DRAWINGS BY POL ANGLADA
Pol Anglada
The clever artist explains his drawing process and remembers the passion in teenage daydreams.
Pol Anglada grew up near the Pyrenees Mountains, in the Catalan region of Spain, less than two hours from Barcelona. On his dad’s side, they were electricians; on his mom’s, farmers. His grandma was a talented seamstress who taught him how to sew. In awe, he would watch her work with clientele, friends and neighbors, repairing ripped seams and hemming skirts and pants. As a hobby, his dad and granddad would draw, and sometimes his dad would play a drawing game with him. “My dad might ask me to envision Spider-Man as a princess, or a princess as Spider-Man, or he might tell me to imagine Godzilla and King Kong. He would say, ‘What if they fought: Who would win?’ And once we had finished laughing at the idea, he would say, ‘All right, now draw it.’ ”
When his dad was young, his family traveled across Europe, and he developed a passion for magazines, comic books and graphic novels. Censorship was pervasive in this last phase of Spanish dictatorship; the open display of nudity and sexual content was illegal. But because he was able to travel internationally into his late teen years, Anglada’s dad amassed a broad, immodest collection of printed media, which he later shared with his son.
“A big chunk of my dad’s books were erotic magazines and comics. I became obsessed with them,” Anglada remembers. “They were all intended for straight audiences, but I remember seeing [Bob] Mizer’s Physique Pictorial and trying to spot where you might see a dick or bum.” Anglada used these images as references, filling sketchbooks with drawings and creating romantic stories in his mind.

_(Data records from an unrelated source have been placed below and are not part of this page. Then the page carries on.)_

lemma reduce_word_sc_word: "reduce_word (sc_word us As k) = enc_list
   [enc_list (map bin [1..<length us + 2 + length As]),
    enc_list (map bin (1 # [length us + 2..<length us + 2 + length As])),
    enc_list (map bin us),
    enc_list (map trans_enc (collector_trans 1 us @ set_trans (length us + 1) As)),
    enc_list [bin (length us + 1)],
    bin (Suc k)]"
proof -
  let ?n = "length us" and ?m = "length As"
  have passes: "[0..<6] = [0, 1, 2, 3, 4, 5::nat]"
    by (simp add: upt_rec)
  have states: "enc_list (map bin [1..<?n + 2 + ?m]) =
      TL # num_word 1 @ range_word 2 ?n @ range_word (?n + 2) ?m @ [TR]"
  proof -
    have "?n + 2 + ?m = 1 + Suc (?n + ?m)" by simp
    then have "enc_list (map bin [1..<?n + 2 + ?m]) = TL # range_word 1 (Suc (?n + ?m)) @ [TR]"
      by (simp only: enc_list_map_bin range_word_def)
    also have "range_word 1 (Suc (?n + ?m)) = num_word 1 @ range_word 2 (?n + ?m)"
      by (simp add: range_word_Suc numeral_2_eq_2)
    also have "\<dots> = num_word 1 @ range_word 2 ?n @ range_word (?n + 2) ?m"
      by (simp add: range_word_add add.commute)
    finally show ?thesis by simp
  qed
  have init: "enc_list (map bin (1 # [?n + 2..<?n + 2 + ?m])) = TL # num_word 1 @ range_word (?n + 2) ?m @ [TR]"
    by (simp only: enc_list_map_bin nums_word_simps range_word_def append_assoc append_Cons)
  have msgs: "enc_list (map bin us) = TL # nums_word us @ [TR]"
    by (rule enc_list_map_bin)
  have trans: "enc_list (map trans_enc (collector_trans 1 us @ set_trans (?n + 1) As)) =
      TL # concat (map trans_word (collector_trans 1 us)) @ concat (map trans_word (set_trans (?n + 1) As)) @ [TR]"
    by (simp add: enc_list_def trans_word_def[abs_def] o_def)
  have target: "enc_list [bin (?n + 1)] = TL # num_word (?n + 1) @ [TR]"
    using enc_list_map_bin[of "[?n + 1]"] by simp
  show ?thesis
    unfolding reduce_word_def passes states init msgs trans target
    by (simp only: fold_simps run_pass_0 run_pass_1 run_pass_2 run_pass_3 run_pass_4 run_pass_5 snd_conv
        enc_list_def list.map concat.simps append_assoc append_Cons append_Nil)
qed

In addition to his small-town school and an English academy, Anglada attended an after-school art program with friends. Challenged by the traditional art setting, he began working in chalk, charcoal and paint, producing still lifes of vases and plastic fruit. Later, he earned a baccalaureate near his hometown, diving into a more technical form of drawing but majoring in fashion. Continuing that track in Barcelona, he graduated with a degree in fashion design, moving to Paris afterward and working for Balmain, Balenciaga, and then Loewe. Drawing remains his safe space, though — his way of switching off, offering him freedom of imagination his day job cannot provide.
In 2016, Anglada and a couple graphic designer friends began Free Time, a magazine dedicated to the leisure activities of people they admire, young and old. “It has become a fun project,” he says. “Paris and the fashion industry can be a bit uptight sometimes.”
Aside from the print publication, Free Time produces clothing for sale on their website. Anglada hand-paints jeans in a patchwork style, covering them in small assorted images—his signature nude figures, but also clowns and devil faces, fruit, flowers, abstract forms and graffiti. They also sell T-shirts. Comical editions include a rooster, captioned “happy cock” and “come ass you are,” with the “o” in “come” stretched around a man’s butt as he pulls on his cheeks to reveal a dainty asshole.
When drawing, Anglada usually works with colored pencils, preferring reference photos to live models and landscapes. He tries to keep a regular, daily regimen of sketching, working from found images and whatever he has in front of him: pencil shavings, beer cans, half-smoked joints in the ashtray.
Sometimes he loosely develops stories for his figures: Maybe that man is a half-naked farmer posing with his marijuana plants, or they’re a pair of tipsy migrant alcoholics who pause their hike for a kiss.
“I’ll get obsessed with a certain kind of pose, a hand gesture, or the way eyes stare, trying to figure out what makes it interesting,” Anglada says. “I enjoy kissing and intimate scenes, but you never see a dick or anything explicit. Using colors and expressive lines, I imply a mood, letting the drawings lead the viewer into finishing the story in their own head.”
In the past few years, Anglada has also created art for fashion advertisements, including an architectural wrap during Pride for the new JW Anderson storefront in London. The building featured a large, colorful drawing of two men kissing, and another of a man wearing a skirt while triumphantly carrying someone else on his shoulders.
“Queer, to me, means marching to your own beat, doing you, and at the same time, being able to wear your heart on your sleeve and defend who you are,” he says. “I’ve always been interested in how subcultures market themselves to the world in an appealing way. Magazines and advertisements do it; they turn a niche subject into an object.”